lemma (in prob_space) set_integral_below_indep_exponentials:
  fixes X \<Theta> :: "'i \<Rightarrow> 'a \<Rightarrow> real"
  assumes "finite I" and G: "subalgebra M G"
    and indep: "indep_sets (\<lambda>j. case j of None \<Rightarrow> sets G
      | Some i \<Rightarrow> {\<Theta> i -` B \<inter> space M | B. B \<in> sets borel}) (insert None (Some ` I))"
    and \<Theta>_exp: "\<And>i. i \<in> I \<Longrightarrow> distributed M lborel (\<Theta> i) (exponential_density 1)"
    and X: "\<And>i. i \<in> I \<Longrightarrow> X i \<in> borel_measurable G"
    and A: "A \<in> sets G"
  shows "(\<integral>\<omega>\<in>A. indicator {\<omega>\<in>space M. \<forall>i\<in>I. X i \<omega> < \<Theta> i \<omega>} \<omega> \<partial>M)
       = (\<integral>\<omega>\<in>A. exp (- (\<Sum>i\<in>I. max (X i \<omega>) 0)) \<partial>M)"
proof -
  have \<Theta>_meas: "\<Theta> i \<in> borel_measurable M" if "i \<in> I" for i
    using distributed_measurable[OF \<Theta>_exp[OF that]] by simp
  have indep_\<Theta>: "indep_vars (\<lambda>_. borel) \<Theta> I"
    using indep_sets_Some[OF indep_sets_mono_index[OF _ indep]] \<Theta>_meas
    by (auto simp: indep_vars_def2)
  define S :: "(real \<times> ('i \<Rightarrow> real)) measure" where "S = borel \<Otimes>\<^sub>M (\<Pi>\<^sub>M i\<in>I. borel)"
  define V where "V \<omega> = (indicator A \<omega> :: real, \<lambda>i\<in>I. X i \<omega>)" for \<omega>
  (* indep_var needs both variables in one space, hence the dummy first component of W. *)
  define W where "W \<omega> = (0 :: real, \<lambda>i\<in>I. \<Theta> i \<omega>)" for \<omega>
  (* indicator {1} a = a for a in {0, 1}, and unlike the identity it keeps g bounded. *)
  define g :: "_ \<Rightarrow> real"
    where "g z = indicator {1} (fst (fst z)) * (\<Prod>i\<in>I. if snd (fst z) i < snd (snd z) i then 1 else 0)"
    for z :: "(real \<times> ('i \<Rightarrow> real)) \<times> real \<times> ('i \<Rightarrow> real)"
  have V_G: "V \<in> measurable G S"
    unfolding V_def S_def using A X by (intro measurable_Pair measurable_restrict) auto
  have indep_VW: "indep_var S V S W"
    unfolding W_def
    by (rule indep_var_subalgebra_comp_restrict[OF indep G V_G \<Theta>_meas, where f="\<lambda>y. (0, y)"])
      (auto simp: S_def intro!: measurable_Pair)
  have g_meas: "g \<in> borel_measurable (S \<Otimes>\<^sub>M S)"
    unfolding g_def S_def by measurable
  have g_bounded: "\<bar>g z\<bar> \<le> 1" for z
    unfolding g_def by (auto simp: abs_mult prod_nonneg intro!: mult_le_one prod_le_1)
  have "(\<integral>\<omega>\<in>A. indicator {\<omega>\<in>space M. \<forall>i\<in>I. X i \<omega> < \<Theta> i \<omega>} \<omega> \<partial>M) = (\<integral>\<omega>. g (V \<omega>, W \<omega>) \<partial>M)"
    unfolding set_lebesgue_integral_def using \<open>finite I\<close>
    by (intro Bochner_Integration.integral_cong) (auto simp: g_def V_def W_def indicator_def prod_zero_iff)
  also have "\<dots> = (\<integral>\<omega>. (\<integral>\<omega>'. g (V \<omega>, W \<omega>') \<partial>M) \<partial>M)"
    using indep_VW g_meas g_bounded by (rule integral_indep_var_freeze)
  also have "\<dots> = (\<integral>\<omega>\<in>A. exp (- (\<Sum>i\<in>I. max (X i \<omega>) 0)) \<partial>M)"
    unfolding set_lebesgue_integral_def
    using integral_indicator_less_indep_exponentials[OF \<open>finite I\<close> indep_\<Theta> \<Theta>_exp]
    by (intro Bochner_Integration.integral_cong) (auto simp: g_def V_def W_def indicator_def)
  finally show ?thesis .
qed

section \<open>Conditional survival in the Cox model\<close>

lemma space_filtration_infty: "space (filtration_infty M F) = space M"
  by (simp add: filtration_infty_def space_measure_of_conv)

lemma sets_filtration_infty:
  assumes "\<And>t. 0 \<le> t \<Longrightarrow> subalgebra M (F t)"
  shows "sets (filtration_infty M F) = sigma_sets (space M) (\<Union>t\<in>{0..}. sets (F t))"
proof -
  have "A \<subseteq> space M" if "0 \<le> t" "A \<in> sets (F t)" for t A
    using sets.sets_into_space[OF that(2)] assms[OF that(1)] by (simp add: subalgebra_def)
  then show ?thesis
    unfolding filtration_infty_def by (intro sets_measure_of) auto
qed

lemma subalgebra_filtration_infty:
  assumes "\<And>t. 0 \<le> t \<Longrightarrow> subalgebra M (F t)"
  shows "subalgebra M (filtration_infty M F)"
proof -
  have "(\<Union>t\<in>{0..}. sets (F t)) \<subseteq> sets M"
    using assms by (auto simp: subalgebra_def)
  then show ?thesis
    by (simp add: subalgebra_def sets_filtration_infty[OF assms] space_filtration_infty
        sets.sigma_sets_subset)
qed

lemma subalgebra_filtration_infty_F:
  assumes "\<And>t. 0 \<le> t \<Longrightarrow> subalgebra M (F t)" and "0 \<le> t"
  shows "subalgebra (filtration_infty M F) (F t)"
  using assms
  by (auto simp: subalgebra_def sets_filtration_infty space_filtration_infty intro: sigma_sets.Basic)

lemma (in sigma_finite_subalgebra) real_cond_exp_nested_cmult:
  assumes G: "subalgebra M G" "subalgebra G F" and "integrable M X" "integrable M Y"
    and XY: "AE \<omega> in M. real_cond_exp M G X \<omega> = C * Y \<omega>"
  shows "AE \<omega> in M. real_cond_exp M F X \<omega> = C * real_cond_exp M F Y \<omega>"
proof -
  have "AE \<omega> in M. real_cond_exp M F (real_cond_exp M G X) \<omega> = real_cond_exp M F X \<omega>"
    using G \<open>integrable M X\<close> by (rule real_cond_exp_nested_subalg)
  moreover have "AE \<omega> in M. real_cond_exp M F (real_cond_exp M G X) \<omega> = real_cond_exp M F (\<lambda>\<omega>. C * Y \<omega>) \<omega>"
    using XY borel_measurable_integrable[OF \<open>integrable M Y\<close>] by (intro real_cond_exp_cong) auto
  moreover have "AE \<omega> in M. real_cond_exp M F (\<lambda>\<omega>. C * Y \<omega>) \<omega> = C * real_cond_exp M F Y \<omega>"
    using \<open>integrable M Y\<close> by (rule real_cond_exp_cmult)
  ultimately show ?thesis
    by eventually_elim simp
qed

### What to do
The whole listing above needs to be reproduced exactly.

### Result of the exercise
lemma (in prob_space) set_integral_below_indep_exponentials:
  fixes X \<Theta> :: "'i \<Rightarrow> 'a \<Rightarrow> real"
  assumes "finite I" and G: "subalgebra M G"
    and indep: "indep_sets (\<lambda>j. case j of None \<Rightarrow> sets G
      | Some i \<Rightarrow> {\<Theta> i -` B \<inter> space M | B. B \<in> sets borel}) (insert None (Some ` I))"
    and \<Theta>_exp: "\<And>i. i \<in> I \<Longrightarrow> distributed M lborel (\<Theta> i) (exponential_density 1)"
    and X: "\<And>i. i \<in> I \<Longrightarrow> X i \<in> borel_measurable G"
    and A: "A \<in> sets G"
  shows "(\<integral>\<omega>\<in>A. indicator {\<omega>\<in>space M. \<forall>i\<in>I. X i \<omega> < \<Theta> i \<omega>} \<omega> \<partial>M)
       = (\<integral>\<omega>\<in>A. exp (- (\<Sum>i\<in>I. max (X i \<omega>) 0)) \<partial>M)"
proof -
  have \<Theta>_meas: "\<Theta> i \<in> borel_measurable M" if "i \<in> I" for i
    using distributed_measurable[OF \<Theta>_exp[OF that]] by simp
  have indep_\<Theta>: "indep_vars (\<lambda>_. borel) \<Theta> I"
    using indep_sets_Some[OF indep_sets_mono_index[OF _ indep]] \<Theta>_meas
    by (auto simp: indep_vars_def2)
  define S :: "(real \<times> ('i \<Rightarrow> real)) measure" where "S = borel \<Otimes>\<^sub>M (\<Pi>\<^sub>M i\<in>I. borel)"
  define V where "V \<omega> = (indicator A \<omega> :: real, \<lambda>i\<in>I. X i \<omega>)" for \<omega>
  (* indep_var needs both variables in one space, hence the dummy first component of W. *)
  define W where "W \<omega> = (0 :: real, \<lambda>i\<in>I. \<Theta> i \<omega>)" for \<omega>
  (* indicator {1} a = a for a in {0, 1}, and unlike the identity it keeps g bounded. *)
  define g :: "_ \<Rightarrow> real"
    where "g z = indicator {1} (fst (fst z)) * (\<Prod>i\<in>I. if snd (fst z) i < snd (snd z) i then 1 else 0)"
    for z :: "(real \<times> ('i \<Rightarrow> real)) \<times> real \<times> ('i \<Rightarrow> real)"
  have V_G: "V \<in> measurable G S"
    unfolding V_def S_def using A X by (intro measurable_Pair measurable_restrict) auto
  have indep_VW: "indep_var S V S W"
    unfolding W_def
    by (rule indep_var_subalgebra_comp_restrict[OF indep G V_G \<Theta>_meas, where f="\<lambda>y. (0, y)"])
      (auto simp: S_def intro!: measurable_Pair)
  have g_meas: "g \<in> borel_measurable (S \<Otimes>\<^sub>M S)"
    unfolding g_def S_def by measurable
  have g_bounded: "\<bar>g z\<bar> \<le> 1" for z
    unfolding g_def by (auto simp: abs_mult prod_nonneg intro!: mult_le_one prod_le_1)
  have "(\<integral>\<omega>\<in>A. indicator {\<omega>\<in>space M. \<forall>i\<in>I. X i \<omega> < \<Theta> i \<omega>} \<omega> \<partial>M) = (\<integral>\<omega>. g (V \<omega>, W \<omega>) \<partial>M)"
    unfolding set_lebesgue_integral_def using \<open>finite I\<close>
    by (intro Bochner_Integration.integral_cong) (auto simp: g_def V_def W_def indicator_def prod_zero_iff)
  also have "\<dots> = (\<integral>\<omega>. (\<integral>\<omega>'. g (V \<omega>, W \<omega>') \<partial>M) \<partial>M)"
    using indep_VW g_meas g_bounded by (rule integral_indep_var_freeze)
  also have "\<dots> = (\<integral>\<omega>\<in>A. exp (- (\<Sum>i\<in>I. max (X i \<omega>) 0)) \<partial>M)"
    unfolding set_lebesgue_integral_def
    using integral_indicator_less_indep_exponentials[OF \<open>finite I\<close> indep_\<Theta> \<Theta>_exp]
    by (intro Bochner_Integration.integral_cong) (auto simp: g_def V_def W_def indicator_def)
  finally show ?thesis .
qed

section \<open>Conditional survival in the Cox model\<close>

lemma space_filtration_infty: "space (filtration_infty M F) = space M"
  by (simp add: filtration_infty_def space_measure_of_conv)

lemma sets_filtration_infty:
  assumes "\<And>t. 0 \<le> t \<Longrightarrow> subalgebra M (F t)"
  shows "sets (filtration_infty M F) = sigma_sets (space M) (\<Union>t\<in>{0..}. sets (F t))"
proof -
  have "A \<subseteq> space M" if "0 \<le> t" "A \<in> sets (F t)" for t A
    using sets.sets_into_space[OF that(2)] assms[OF that(1)] by (simp add: subalgebra_def)
  then show ?thesis
    unfolding filtration_infty_def by (intro sets_measure_of) auto
qed

lemma subalgebra_filtration_infty:
  assumes "\<And>t. 0 \<le> t \<Longrightarrow> subalgebra M (F t)"
  shows "subalgebra M (filtration_infty M F)"
proof -
  have "(\<Union>t\<in>{0..}. sets (F t)) \<subseteq> sets M"
    using assms by (auto simp: subalgebra_def)
  then show ?thesis
    by (simp add: subalgebra_def sets_filtration_infty[OF assms] space_filtration_infty
        sets.sigma_sets_subset)
qed

lemma subalgebra_filtration_infty_F:
  assumes "\<And>t. 0 \<le> t \<Longrightarrow> subalgebra M (F t)" and "0 \<le> t"
  shows "subalgebra (filtration_infty M F) (F t)"
  using assms
  by (auto simp: subalgebra_def sets_filtration_infty space_filtration_infty intro: sigma_sets.Basic)

lemma (in sigma_finite_subalgebra) real_cond_exp_nested_cmult:
  assumes G: "subalgebra M G" "subalgebra G F" and "integrable M X" "integrable M Y"
    and XY: "AE \<omega> in M. real_cond_exp M G X \<omega> = C * Y \<omega>"
  shows "AE \<omega> in M. real_cond_exp M F X \<omega> = C * real_cond_exp M F Y \<omega>"
proof -
  have "AE \<omega> in M. real_cond_exp M F (real_cond_exp M G X) \<omega> = real_cond_exp M F X \<omega>"
    using G \<open>integrable M X\<close> by (rule real_cond_exp_nested_subalg)
  moreover have "AE \<omega> in M. real_cond_exp M F (real_cond_exp M G X) \<omega> = real_cond_exp M F (\<lambda>\<omega>. C * Y \<omega>) \<omega>"
    using XY borel_measurable_integrable[OF \<open>integrable M Y\<close>] by (intro real_cond_exp_cong) auto
  moreover have "AE \<omega> in M. real_cond_exp M F (\<lambda>\<omega>. C * Y \<omega>) \<omega> = C * real_cond_exp M F Y \<omega>"
    using \<open>integrable M Y\<close> by (rule real_cond_exp_cmult)
  ultimately show ?thesis
    by eventually_elim simp
qed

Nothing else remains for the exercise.